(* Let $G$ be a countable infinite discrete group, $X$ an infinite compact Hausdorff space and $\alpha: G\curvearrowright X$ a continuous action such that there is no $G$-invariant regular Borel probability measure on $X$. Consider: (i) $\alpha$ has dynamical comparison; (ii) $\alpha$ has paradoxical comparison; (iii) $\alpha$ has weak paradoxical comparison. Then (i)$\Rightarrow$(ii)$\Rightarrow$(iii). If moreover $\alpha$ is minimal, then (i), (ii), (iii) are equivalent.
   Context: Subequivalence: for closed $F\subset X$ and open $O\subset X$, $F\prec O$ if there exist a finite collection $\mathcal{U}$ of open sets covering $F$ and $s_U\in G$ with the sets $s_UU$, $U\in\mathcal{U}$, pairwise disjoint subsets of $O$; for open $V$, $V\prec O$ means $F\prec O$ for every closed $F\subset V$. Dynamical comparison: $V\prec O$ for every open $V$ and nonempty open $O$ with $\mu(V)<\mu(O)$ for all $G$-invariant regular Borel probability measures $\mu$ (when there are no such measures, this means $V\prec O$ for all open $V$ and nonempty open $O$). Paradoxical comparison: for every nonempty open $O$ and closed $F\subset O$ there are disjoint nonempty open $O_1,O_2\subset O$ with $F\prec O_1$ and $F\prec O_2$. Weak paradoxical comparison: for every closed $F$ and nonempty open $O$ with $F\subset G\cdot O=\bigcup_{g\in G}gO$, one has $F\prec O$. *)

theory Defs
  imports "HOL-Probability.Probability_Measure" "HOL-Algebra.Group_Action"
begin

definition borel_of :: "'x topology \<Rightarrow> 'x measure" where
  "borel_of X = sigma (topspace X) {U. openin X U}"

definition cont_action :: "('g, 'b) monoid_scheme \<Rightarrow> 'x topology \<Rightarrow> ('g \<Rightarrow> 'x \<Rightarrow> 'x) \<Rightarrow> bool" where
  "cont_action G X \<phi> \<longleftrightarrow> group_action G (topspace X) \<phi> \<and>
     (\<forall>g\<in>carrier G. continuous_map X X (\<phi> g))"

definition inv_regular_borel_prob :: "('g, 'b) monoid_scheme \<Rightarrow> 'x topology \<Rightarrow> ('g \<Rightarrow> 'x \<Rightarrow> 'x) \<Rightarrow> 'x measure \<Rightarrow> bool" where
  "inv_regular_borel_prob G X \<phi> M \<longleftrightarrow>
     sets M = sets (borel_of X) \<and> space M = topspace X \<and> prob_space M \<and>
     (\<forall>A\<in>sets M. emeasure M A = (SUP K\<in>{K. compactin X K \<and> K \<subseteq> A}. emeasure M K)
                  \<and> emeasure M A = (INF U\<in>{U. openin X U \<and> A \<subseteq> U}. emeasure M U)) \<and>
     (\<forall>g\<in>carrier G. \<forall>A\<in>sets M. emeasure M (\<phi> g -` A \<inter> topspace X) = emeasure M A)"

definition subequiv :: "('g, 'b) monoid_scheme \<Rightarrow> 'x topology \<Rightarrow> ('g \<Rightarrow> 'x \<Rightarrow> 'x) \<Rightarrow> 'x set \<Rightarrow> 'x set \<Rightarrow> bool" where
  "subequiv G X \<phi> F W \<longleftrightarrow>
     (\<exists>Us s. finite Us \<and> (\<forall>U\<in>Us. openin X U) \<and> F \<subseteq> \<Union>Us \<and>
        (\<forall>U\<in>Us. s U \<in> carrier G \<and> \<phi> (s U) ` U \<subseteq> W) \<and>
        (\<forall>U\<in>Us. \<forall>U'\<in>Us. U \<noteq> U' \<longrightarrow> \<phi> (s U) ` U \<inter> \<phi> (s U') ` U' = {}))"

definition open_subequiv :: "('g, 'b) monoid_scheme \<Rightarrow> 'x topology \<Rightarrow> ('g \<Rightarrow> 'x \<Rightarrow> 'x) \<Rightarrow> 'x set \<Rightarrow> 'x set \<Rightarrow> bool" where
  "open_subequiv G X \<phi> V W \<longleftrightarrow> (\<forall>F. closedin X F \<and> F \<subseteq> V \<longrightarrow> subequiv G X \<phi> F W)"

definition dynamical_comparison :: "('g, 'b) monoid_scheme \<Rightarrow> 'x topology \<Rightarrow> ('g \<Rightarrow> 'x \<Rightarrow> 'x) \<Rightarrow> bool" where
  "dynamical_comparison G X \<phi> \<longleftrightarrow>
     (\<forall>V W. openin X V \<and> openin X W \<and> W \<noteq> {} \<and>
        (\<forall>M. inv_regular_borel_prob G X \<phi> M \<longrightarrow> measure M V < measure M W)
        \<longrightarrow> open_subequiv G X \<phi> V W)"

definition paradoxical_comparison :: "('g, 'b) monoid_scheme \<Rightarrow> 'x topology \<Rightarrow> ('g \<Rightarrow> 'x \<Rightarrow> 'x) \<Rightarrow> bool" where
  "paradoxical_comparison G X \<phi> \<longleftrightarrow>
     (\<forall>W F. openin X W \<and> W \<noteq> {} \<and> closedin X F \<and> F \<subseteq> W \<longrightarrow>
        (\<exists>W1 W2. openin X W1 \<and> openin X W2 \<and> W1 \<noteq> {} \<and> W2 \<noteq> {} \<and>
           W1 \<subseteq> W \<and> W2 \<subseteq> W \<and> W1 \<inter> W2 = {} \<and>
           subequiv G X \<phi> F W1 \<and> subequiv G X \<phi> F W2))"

----------------

▸ **AIM OF THE TASK**: Report how many lines in the material contain "inter". Write the number and stop.

▸ **RESULT OF THE TASK**: 3